In Imperative functions the uint of work is a single Message so we effectively wrap the invocation thus maintaining control before and after function invocation. Function gets invoked on each message. In Reactive function the nit of work is the entire stream, so function gets invoked only once during application context initialization and from that point on the control is handed to reactive API.
I will keep this open as I want to look at your specific case and see if we can do something, but regardless. . . consider using reactive error handling API inside your function implementation. It is pretty rich (e.g., doOnError(..)
,onError(..)
etc)
@olegz Thank you for quick response.
The first exception "MessageTimeoutException" is happening out side our Function. So, at this time I don't see any help having doOnError or onError inside our function. Because, due to this exception the subscription seems getting cancelled. And any further message processing results in "org.springframework.messaging.MessageDeliveryException: Dispatcher has no subscribers for channel 'event-transformer.eventTransformer-in-0'"
along with "org.springframework.messaging.MessageDeliveryException: Dispatcher failed to deliver Message; nested exception is java.lang.IllegalStateException: Cannot emit messages into the cancelled or terminated sink for message channel: bean 'eventTransformer-in-0'"
Since the first exception happened out side my function, only way I could catch is, using the following reactive global hook and suppress it.

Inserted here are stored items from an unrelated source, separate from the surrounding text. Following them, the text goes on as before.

(* Let $N,d\in\mathbb{N}^*$ and $\alpha>0$. For $i\neq j$ in $\{1,\dots,N\}$ let $\Psi_{ij}:\mathbb{R}^{2dN}\to\mathbb{R}_+$ be non-negative, bounded and locally Lipschitz, and consider the system $$\frac{dx_i}{dt}(t)=v_i(t),\qquad \frac{dv_i}{dt}(t)=\alpha\sum_{j=1}^N Q_t(i,j)\,(v_j(t)-v_i(t)),\qquad i\in\{1,\dots,N\},$$ where $x_i(t),v_i(t)\in\mathbb{R}^d$, $Q_t(i,j)=\Psi_{ij}\big((x_1(t),v_1(t)),\dots,(x_N(t),v_N(t))\big)$ for $i\neq j$ and $Q_t(i,i)=-\sum_{j\neq i}Q_t(i,j)$. Then for any initial data the solution exists and is unique on $\mathbb{R}_+$. Moreover, for every $m\in\{1,\dots,d\}$, setting $f_m(i)=v_i^m(0)$ (the $m$-th coordinate of $v_i(0)$), for every $T>0$, every $t\in[0,T]$ and every $i$, $$v_i^m(t)=p^{(T)}_{0,t}f_m(i)=\mathbb{E}\left(f_m\big(Y^{(T)}_T\big)\ \middle|\ Y^{(T)}_{T-t}=i\right),$$ where $(Y^{(T)}_t)_{t\in[0,T]}$ is a $\{1,\dots,N\}$-valued time-inhomogeneous Markov jump process with generator $(\alpha Q_{T-t})_{t\in[0,T]}$ (the $Q_t$ being evaluated along the solution), and $p^{(T)}_{s,t}=P^{(T)}_{T-t,T-s}$ with $P^{(T)}_{s,t}(i,j)=\mathbb{P}(Y^{(T)}_t=j\mid Y^{(T)}_s=i)$. Finally, with $V(t)=\sup_{i,j}\|v_i(t)-v_j(t)\|_2$, we have $V(t)\le V(s)$ for all $0\le s\le t$.
   Context: $\|\cdot\|_2$ is the Euclidean norm on $\mathbb{R}^d$. For a matrix $p$ and a function $f:\{1,\dots,N\}\to\mathbb{R}$, $pf(i)=\sum_j p(i,j)f(j)$. A time-inhomogeneous Markov jump process with generator $(G_t)$ jumps from $i$ to $j\ne i$ at time $t$ with rate $G_t(i,j)$. *)

theory Defs
  imports "HOL-Analysis.Analysis"
begin

text \<open>Configurations: particle indices form a finite type 'n (N = CARD('n)),
  each particle has position and velocity in real^'d (d = CARD('d)).\<close>

type_synonym ('d,'n) config = "((real^'d) \<times> (real^'d))^'n"

definition Qmat :: "('n::finite \<Rightarrow> 'n \<Rightarrow> ('d::finite,'n) config \<Rightarrow> real)
    \<Rightarrow> ('d,'n) config \<Rightarrow> 'n \<Rightarrow> 'n \<Rightarrow> real" where
  "Qmat Psi z i j = (if i = j then - (\<Sum>k\<in>UNIV - {i}. Psi i k z) else Psi i j z)"

definition rhs :: "real \<Rightarrow> ('n::finite \<Rightarrow> 'n \<Rightarrow> ('d::finite,'n) config \<Rightarrow> real)
    \<Rightarrow> ('d,'n) config \<Rightarrow> ('d,'n) config" where
  "rhs \<alpha> Psi z = (\<chi> i. (snd (z $ i),
      \<alpha> *\<^sub>R (\<Sum>j\<in>UNIV. Qmat Psi z i j *\<^sub>R (snd (z $ j) - snd (z $ i)))))"

definition is_solution :: "real \<Rightarrow> ('n::finite \<Rightarrow> 'n \<Rightarrow> ('d::finite,'n) config \<Rightarrow> real)
    \<Rightarrow> ('d,'n) config \<Rightarrow> (real \<Rightarrow> ('d,'n) config) \<Rightarrow> bool" where
  "is_solution \<alpha> Psi z0 z \<longleftrightarrow> z 0 = z0 \<and>
     (\<forall>t\<ge>0. (z has_vector_derivative rhs \<alpha> Psi (z t)) (at t within {0..}))"

text \<open>P is the transition function (P s u i j = Prob(Y_u = j | Y_s = i), 0 \<le> s \<le> u \<le> T)
  of the time-inhomogeneous Markov jump process on the finite state space 'n with
  (continuous) generator (G u)_{u \<in> [0,T]}: characterized by the Kolmogorov forward equation
  d/du P s u = P s u G u, P s s = Id.\<close>
definition markov_transition :: "real \<Rightarrow> (real \<Rightarrow> 'n::finite \<Rightarrow> 'n \<Rightarrow> real)
    \<Rightarrow> (real \<Rightarrow> real \<Rightarrow> 'n \<Rightarrow> 'n \<Rightarrow> real) \<Rightarrow> bool" where
  "markov_transition T G P \<longleftrightarrow>
     (\<forall>s\<in>{0..T}. (\<forall>i j. P s s i j = (if i = j then 1 else 0)) \<and>
        (\<forall>u\<in>{s..T}. \<forall>i j. ((\<lambda>r. P s r i j) has_real_derivative
              (\<Sum>k\<in>UNIV. P s u i k * G u k j)) (at u within {s..T})))"

definition Vdiam :: "('d::finite,'n::finite) config \<Rightarrow> real" where
  "Vdiam z = (SUP i. SUP j. norm (snd (z $ i) - snd (z $ j)))"

end

(* The right-hand side of the system has linear growth, because the Q_t are bounded, and
   it is Lipschitz on bounded sets.  Picard iteration for a truncated right-hand side,
   together with a Gronwall bound showing that the truncation is never active, yields a
   unique global solution.

   Along this solution, the forward Kolmogorov equation P' = P (alpha Q_{T-u}) of the
   time-reversed process is again solved by Picard iteration; shifting the generator by a
   multiple of the identity makes it non-negative, so the iterates stay non-negative and P
   is a non-negative matrix with rows summing to 1.  The velocities read backward in time,
   u |-> v(T - u), solve the backward Kolmogorov equation, hence u |-> P(a,u) v(T - u) is
   constant, which is the representation v(t) = P(T - t, T) v(0).  Each v_i(t) is thus a
   convex combination of the v_j(s), which cannot increase the diameter V. *)

theory Submission
  imports Defs
begin

section \<open>Lipschitz functions\<close>

lemma norm_le_sum_norm_nth: "norm (x :: 'a::real_normed_vector^'n) \<le> (\<Sum>i\<in>UNIV. norm (x $ i))"
  unfolding norm_vec_def by (rule L2_set_le_sum) simp

lemma lipschitz_on_scaleR_bounded:
  fixes f :: "'a::metric_space \<Rightarrow> real" and g :: "'a \<Rightarrow> 'b::real_normed_vector"
  assumes f: "C-lipschitz_on S f" and g: "D-lipschitz_on S g"
    and f_bound: "\<And>x. x \<in> S \<Longrightarrow> \<bar>f x\<bar> \<le> A" and g_bound: "\<And>x. x \<in> S \<Longrightarrow> norm (g x) \<le> B"
    and nonneg: "0 \<le> A" "0 \<le> B"
  shows "(A * D + B * C)-lipschitz_on S (\<lambda>x. f x *\<^sub>R g x)"
proof (rule lipschitz_onI)
  show "0 \<le> A * D + B * C"
    using nonneg lipschitz_on_nonneg[OF f] lipschitz_on_nonneg[OF g] by simp
  fix x y assume xy: "x \<in> S" "y \<in> S"
  have "f x *\<^sub>R g x - f y *\<^sub>R g y = f x *\<^sub>R (g x - g y) + (f x - f y) *\<^sub>R g y"
    by (simp add: algebra_simps)
  then have "dist (f x *\<^sub>R g x) (f y *\<^sub>R g y) \<le> \<bar>f x\<bar> * dist (g x) (g y) + dist (f x) (f y) * norm (g y)"
    by (metis dist_norm dist_real_def norm_scaleR norm_triangle_ineq)
  also have "\<dots> \<le> A * (D * dist x y) + (C * dist x y) * B"
    using lipschitz_onD[OF f xy] lipschitz_onD[OF g xy] f_bound[OF xy(1)] g_bound[OF xy(2)] nonneg
      lipschitz_on_nonneg[OF f]
    by (intro add_mono mult_mono) auto
  finally show "dist (f x *\<^sub>R g x) (f y *\<^sub>R g y) \<le> (A * D + B * C) * dist x y"
    by (simp add: algebra_simps)
qed

lemma lipschitz_on_sum_exists:
  assumes "finite I" and "\<And>i. i \<in> I \<Longrightarrow> \<exists>C. C-lipschitz_on S (f i)"
  shows "\<exists>C. C-lipschitz_on S (\<lambda>x. \<Sum>i\<in>I. f i x :: 'b::real_normed_vector)"
  using assms
proof (induction I rule: finite_induct)
  case empty
  show ?case using lipschitz_on_constant by auto
next
  case (insert i I)
  then obtain C D where "C-lipschitz_on S (f i)" "D-lipschitz_on S (\<lambda>x. \<Sum>i\<in>I. f i x)" by blast
  then show ?case using insert.hyps by (auto dest: lipschitz_on_add)
qed

lemma lipschitz_on_vec_exists:
  assumes "\<And>i. \<exists>C. C-lipschitz_on S (\<lambda>x. f x $ i)"
  shows "\<exists>C. C-lipschitz_on S (f :: 'a::metric_space \<Rightarrow> 'b::real_normed_vector^'n)"
proof -
  obtain C where C: "\<And>i. (C i)-lipschitz_on S (\<lambda>x. f x $ i)" using assms by metis
  have "(\<Sum>i\<in>UNIV. C i)-lipschitz_on S f"
  proof (rule lipschitz_onI)
    fix x y assume xy: "x \<in> S" "y \<in> S"
    have "dist (f x) (f y) \<le> (\<Sum>i\<in>UNIV. dist (f x $ i) (f y $ i))"
      using norm_le_sum_norm_nth[of "f x - f y"] by (simp add: dist_norm)
    also have "\<dots> \<le> (\<Sum>i\<in>UNIV. C i * dist x y)"
      by (intro sum_mono lipschitz_onD[OF C xy])
    finally show "dist (f x) (f y) \<le> (\<Sum>i\<in>UNIV. C i) * dist x y" by (simp add: sum_distrib_right)
  qed (use lipschitz_on_nonneg[OF C] in \<open>simp add: sum_nonneg\<close>)
  then show ?thesis ..
qed

lemma lipschitz_on_compact_if_locally_lipschitz:
  fixes f :: "'a::euclidean_space \<Rightarrow> 'b::real_normed_vector"
  assumes local: "\<And>z. \<exists>r>0. \<exists>L. L-lipschitz_on (cball z r) f" and K: "compact K"
  shows "\<exists>L. L-lipschitz_on K f"
proof -
  have "local_lipschitz {0::real} K (\<lambda>_. f)"
  proof (rule local_lipschitzI)
    fix x
    obtain r L where "r > 0" "L-lipschitz_on (cball x r) f" using local by blast
    then show "\<exists>u>0. \<exists>L. \<forall>t\<in>cball t u \<inter> {0::real}. L-lipschitz_on (cball x u \<inter> K) f" for t
      by (meson inf_le1 lipschitz_on_subset)
  qed
  then obtain L where "\<And>t. t \<in> {0::real} \<Longrightarrow> L-lipschitz_on K f"
    by (rule local_lipschitz_compact_implies_lipschitz[OF _ K compact_sing]) auto
  then show ?thesis by blast
qed

lemma lipschitz_on_compose_closest_point:
  fixes F :: "'a::euclidean_space \<Rightarrow> 'b::real_normed_vector"
  assumes F: "L-lipschitz_on S F" and S: "closed S" "convex S" "S \<noteq> {}"
  shows "L-lipschitz_on UNIV (\<lambda>x. F (closest_point S x))"
proof (rule lipschitz_onI)
  show "0 \<le> L" by (rule lipschitz_on_nonneg[OF F])
  fix x y :: 'a
  have "dist (F (closest_point S x)) (F (closest_point S y)) \<le> L * dist (closest_point S x) (closest_point S y)"
    using S by (intro lipschitz_onD[OF F] closest_point_in_set)
  also have "\<dots> \<le> L * dist x y"
    using S by (intro mult_left_mono[OF closest_point_lipschitz lipschitz_on_nonneg[OF F]])
  finally show "dist (F (closest_point S x)) (F (closest_point S y)) \<le> L * dist x y" .
qed

section \<open>Picard iteration\<close>

lemma has_integral_power_div_fact:
  fixes a t c :: real
  assumes "a \<le> t"
  shows "((\<lambda>s. c * (s - a) ^ n / fact n) has_integral c * (t - a) ^ Suc n / fact (Suc n)) {a..t}"
proof -
  have "((\<lambda>s. c * (s - a) ^ Suc n / fact (Suc n)) has_real_derivative c * (s - a) ^ n / fact n)
      (at s within {a..t})" for s
  proof -
    have "((\<lambda>s. (s - a) ^ Suc n) has_real_derivative real (Suc n) * (s - a) ^ n) (at s within {a..t})"
      by (auto intro!: derivative_eq_intros) (cases n; simp add: algebra_simps)
    from DERIV_cdivide[OF DERIV_cmult[OF this, of c], of "fact (Suc n)"]
    show ?thesis by (simp add: field_simps del: of_nat_Suc)
  qed
  then show ?thesis
    using fundamental_theorem_of_calculus[OF assms, of "\<lambda>s. c * (s - a) ^ Suc n / fact (Suc n)"]
    by (simp add: has_real_derivative_iff_has_vector_derivative[symmetric])
qed

locale picard =
  fixes f :: "real \<Rightarrow> 'a::euclidean_space \<Rightarrow> 'a" and a b L :: real
  assumes le: "a \<le> b" and lipschitz_nonneg: "0 \<le> L"
    and lipschitz: "\<And>t x y. t \<in> {a..b} \<Longrightarrow> norm (f t x - f t y) \<le> L * norm (x - y)"
    and continuous: "\<And>x. continuous_on {a..b} (\<lambda>t. f t x)"
begin

lemma continuous_on_compose:
  assumes y: "continuous_on {a..b} y"
  shows "continuous_on {a..b} (\<lambda>t. f t (y t))"
  unfolding continuous_on_def
proof
  fix t0 assume t0: "t0 \<in> {a..b}"
  have "((\<lambda>t. f t (y t) - f t (y t0)) \<longlongrightarrow> 0) (at t0 within {a..b})"
  proof (rule Lim_null_comparison)
    show "\<forall>\<^sub>F t in at t0 within {a..b}. norm (f t (y t) - f t (y t0)) \<le> L * norm (y t - y t0)"
      using lipschitz by (auto simp: eventually_at_filter)
    have "((\<lambda>t. y t - y t0) \<longlongrightarrow> 0) (at t0 within {a..b})"
      using y t0 by (simp add: continuous_on_def LIM_zero)
    then show "((\<lambda>t. L * norm (y t - y t0)) \<longlongrightarrow> 0) (at t0 within {a..b})"
      using tendsto_mult_right_zero tendsto_norm_zero by blast
  qed
  moreover have "((\<lambda>t. f t (y t0)) \<longlongrightarrow> f t0 (y t0)) (at t0 within {a..b})"
    using continuous t0 by (simp add: continuous_on_def)
  ultimately have "((\<lambda>t. (f t (y t) - f t (y t0)) + f t (y t0)) \<longlongrightarrow> 0 + f t0 (y t0)) (at t0 within {a..b})"
    by (rule tendsto_add)
  then show "((\<lambda>t. f t (y t)) \<longlongrightarrow> f t0 (y t0)) (at t0 within {a..b})" by simp
qed

lemma integral_compose_has_vector_derivative:
  assumes "continuous_on {a..b} y" "t \<in> {a..b}"
  shows "((\<lambda>t. integral {a..t} (\<lambda>s. f s (y s))) has_vector_derivative f t (y t)) (at t within {a..b})"
  using integral_has_vector_derivative[OF continuous_on_compose[OF assms(1)] assms(2)] .

primrec iterate :: "'a \<Rightarrow> nat \<Rightarrow> real \<Rightarrow> 'a" where
  "iterate x0 0 = (\<lambda>t. x0)"
| "iterate x0 (Suc n) = (\<lambda>t. x0 + integral {a..t} (\<lambda>s. f s (iterate x0 n s)))"

lemma continuous_on_iterate: "continuous_on {a..b} (iterate x0 n)"
proof (induction n)
  case (Suc n)
  have "continuous_on {a..b} (\<lambda>t. integral {a..t} (\<lambda>s. f s (iterate x0 n s)))"
    unfolding continuous_on_eq_continuous_within
    using integral_compose_has_vector_derivative[OF Suc] has_vector_derivative_continuous by blast
  then show ?case by (auto intro!: continuous_intros)
qed simp

lemma integrable_on_iterate:
  "t \<in> {a..b} \<Longrightarrow> (\<lambda>s. f s (iterate x0 n s)) integrable_on {a..t}"
  by (rule integrable_continuous_real, rule continuous_on_subset[OF continuous_on_compose])
    (auto intro: continuous_on_iterate)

Not sure if there is any better way. This is kind of an easily re-producible case if we have low timeout settings. So, looking for any better way to handle this case. Appreciate your advice.

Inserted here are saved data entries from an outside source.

(* Let $Q\in\mathbb{R}^{n\times n}$ be symmetric positive definite with $Q_{i,i}=1$ for all $i$, whose support graph is a connected tree, and let $c,\lambda\in\mathbb{R}^n$ with $\lambda_i>0$. Then for every node $u$ and every $\alpha\in\mathbb{R}$, $$f_u(\alpha)=\tfrac12 Q_{u,u}\alpha^2+c_u\alpha+\lambda_u\mathbb{1}_\alpha-\sum_{v\in\mathrm{par}(u)}f_v^*(-Q_{u,v}\alpha),$$ where $f_v^*(\beta)=\sup_{\xi\in\mathbb{R}}\{\beta\xi-f_v(\xi)\}$ (with the empty sum equal to $0$ when $u$ is a leaf).
   Context: The support graph of $Q$ is the undirected graph on $\{1,\dots,n\}$ with edge $\{i,j\}$ ($i\ne j$) iff $Q_{i,j}\ne0$. The tree is rooted at $n$ with topological labeling: each non-root node $u$ has a unique neighbor $\mathrm{child}(u)$ on its path to the root, with $u<\mathrm{child}(u)$; $\mathrm{par}(u)=\{v:\mathrm{child}(v)=u\}$. $\mathrm{supp}_u(Q)$ is the subtree of $u$ and all nodes whose path to the root passes through $u$; $n_u$ is its size; $Q_{[u]},c_{[u]},\lambda_{[u]}$ are the restrictions to its nodes. $\mathbb{1}_\alpha=0$ if $\alpha=0$ and $1$ otherwise. The parametric cost is $f_u(\alpha)=\min\{\tfrac12x^\top Q_{[u]}x+c_{[u]}^\top x+\lambda_{[u]}^\top z : x\in\mathbb{R}^{n_u}, z\in\{0,1\}^{n_u}, x_i(1-z_i)=0\ \forall i, x_u=\alpha\}$, where $x_u$ is the coordinate corresponding to node $u$. *)

theory Defs
  imports Complex_Main
begin

text \<open>Nodes are labelled 1..n. Matrices and vectors are functions on nat, only
  their values on indices in 1..n matter.\<close>

definition nodes :: "nat \<Rightarrow> nat set" where
  "nodes n = {1..n}"

definition sadj :: "(nat \<Rightarrow> nat \<Rightarrow> real) \<Rightarrow> nat \<Rightarrow> nat \<Rightarrow> nat \<Rightarrow> bool" where
  "sadj Q n i j \<longleftrightarrow> i \<in> nodes n \<and> j \<in> nodes n \<and> i \<noteq> j \<and> Q i j \<noteq> 0"

definition sedges :: "(nat \<Rightarrow> nat \<Rightarrow> real) \<Rightarrow> nat \<Rightarrow> nat set set" where
  "sedges Q n = {{i, j} | i j. sadj Q n i j}"

definition reach_in :: "(nat \<Rightarrow> nat \<Rightarrow> real) \<Rightarrow> nat \<Rightarrow> nat set \<Rightarrow> nat \<Rightarrow> nat \<Rightarrow> bool" where
  "reach_in Q n S a b \<longleftrightarrow> (\<lambda>x y. x \<in> S \<and> y \<in> S \<and> sadj Q n x y)\<^sup>*\<^sup>* a b"

definition connected_support :: "(nat \<Rightarrow> nat \<Rightarrow> real) \<Rightarrow> nat \<Rightarrow> bool" where
  "connected_support Q n \<longleftrightarrow> (\<forall>a\<in>nodes n. \<forall>b\<in>nodes n. reach_in Q n (nodes n) a b)"

definition support_is_tree :: "(nat \<Rightarrow> nat \<Rightarrow> real) \<Rightarrow> nat \<Rightarrow> bool" where
  "support_is_tree Q n \<longleftrightarrow> connected_support Q n \<and> card (sedges Q n) = n - 1"

text \<open>child(u): the neighbour of u on its path to the root n, i.e. the neighbour v
  that is the root or is connected to the root without passing through u.\<close>
definition child :: "(nat \<Rightarrow> nat \<Rightarrow> real) \<Rightarrow> nat \<Rightarrow> nat \<Rightarrow> nat" where
  "child Q n u = (THE v. sadj Q n u v \<and> (v = n \<or> reach_in Q n (nodes n - {u}) v n))"

definition topological_labeling :: "(nat \<Rightarrow> nat \<Rightarrow> real) \<Rightarrow> nat \<Rightarrow> bool" where
  "topological_labeling Q n \<longleftrightarrow> (\<forall>u\<in>nodes n. u \<noteq> n \<longrightarrow> u < child Q n u)"

definition par :: "(nat \<Rightarrow> nat \<Rightarrow> real) \<Rightarrow> nat \<Rightarrow> nat \<Rightarrow> nat set" where
  "par Q n u = {v \<in> nodes n. v \<noteq> n \<and> child Q n v = u}"

definition supp :: "(nat \<Rightarrow> nat \<Rightarrow> real) \<Rightarrow> nat \<Rightarrow> nat \<Rightarrow> nat set" where
  "supp Q n u = {w \<in> nodes n.
     (\<lambda>a b. a \<in> nodes n \<and> a \<noteq> n \<and> b = child Q n a)\<^sup>*\<^sup>* w u}"

definition indic :: "real \<Rightarrow> real" where
  "indic \<alpha> = (if \<alpha> = 0 then 0 else 1)"

text \<open>Parametric cost f_u(alpha) (the minimum, written as an infimum; it is attained).\<close>
definition fcost :: "(nat \<Rightarrow> nat \<Rightarrow> real) \<Rightarrow> (nat \<Rightarrow> real) \<Rightarrow> (nat \<Rightarrow> real) \<Rightarrow> nat
    \<Rightarrow> nat \<Rightarrow> real \<Rightarrow> real" where
  "fcost Q c lam n u \<alpha> = Inf
     {(1/2) * (\<Sum>i\<in>supp Q n u. \<Sum>j\<in>supp Q n u. x i * Q i j * x j)
        + (\<Sum>i\<in>supp Q n u. c i * x i) + (\<Sum>i\<in>supp Q n u. lam i * z i)
      | x z. (\<forall>i\<in>supp Q n u. z i \<in> {0, 1} \<and> x i * (1 - z i) = 0) \<and> x u = \<alpha>}"

definition fconj :: "(nat \<Rightarrow> nat \<Rightarrow> real) \<Rightarrow> (nat \<Rightarrow> real) \<Rightarrow> (nat \<Rightarrow> real) \<Rightarrow> nat
    \<Rightarrow> nat \<Rightarrow> real \<Rightarrow> real" where
  "fconj Q c lam n v \<beta> = (SUP \<xi>. \<beta> * \<xi> - fcost Q c lam n v \<xi>)"

end

theory Submission
  imports Defs
begin

text \<open>
  The subtree of \<open>u\<close> consists of \<open>u\<close> and the pairwise disjoint subtrees of its parents, and \<open>Q\<close>
  couples these pieces only through the entries \<open>Q u v\<close>, \<open>v \<in> par(u)\<close>. With \<open>x u = \<alpha>\<close> fixed, the
  cost therefore separates into the terms at \<open>u\<close> plus, for every parent \<open>v\<close>, an independent problem
  of minimising \<open>Q u v * \<alpha> * x v\<close> plus the cost on the subtree of \<open>v\<close>. Minimising first over
  \<open>x v = \<xi>\<close> shows that its value is \<open>inf\<^sub>\<xi> (Q u v * \<alpha> * \<xi> + f\<^sub>v \<xi>) = - f\<^sub>v\<^sup>* (- Q u v * \<alpha>)\<close>.
  Positive definiteness bounds all these problems from below (by induction via Schur complements),
  which is what makes the infima finite and lets them be split and exchanged.
\<close>

section \<open>Positive definite quadratic forms\<close>

definition quad_form :: "('a \<Rightarrow> 'a \<Rightarrow> real) \<Rightarrow> 'a set \<Rightarrow> ('a \<Rightarrow> real) \<Rightarrow> real" where
  "quad_form A S x = (\<Sum>i\<in>S. \<Sum>j\<in>S. x i * A i j * x j)"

Hooks.onNextError((e,data) -> {
if (e instanceof org.springframework.integration.MessageTimeoutException) {
return null;
}
else {
return e;
}
});
I would say such a timeout exception has to be retriable. But doesn't look like we have any options for the producer binding to apply it...
Yes. I was looking for a way to retry without using the above mentioned Hook.
Seems like the only better option for me at this time is - Change my function to imperative style, listen to the error on the consumer error channel, reprocess and repost the message to my producer destination using StreamBridge.
Basically with reactive functions there is not much we can do at the framework level to handle any errors since we have no control over the stream. This is completely different with imperative function.
In Imperative functions the uint of work is a single Message so we effectively wrap the invocation thus maintaining control before and after function invocation. Function gets invoked on each message. In Reactive function the nit of work is the entire stream, so function gets invoked only once during application context initialization and from that point on the control is handed to reactive API.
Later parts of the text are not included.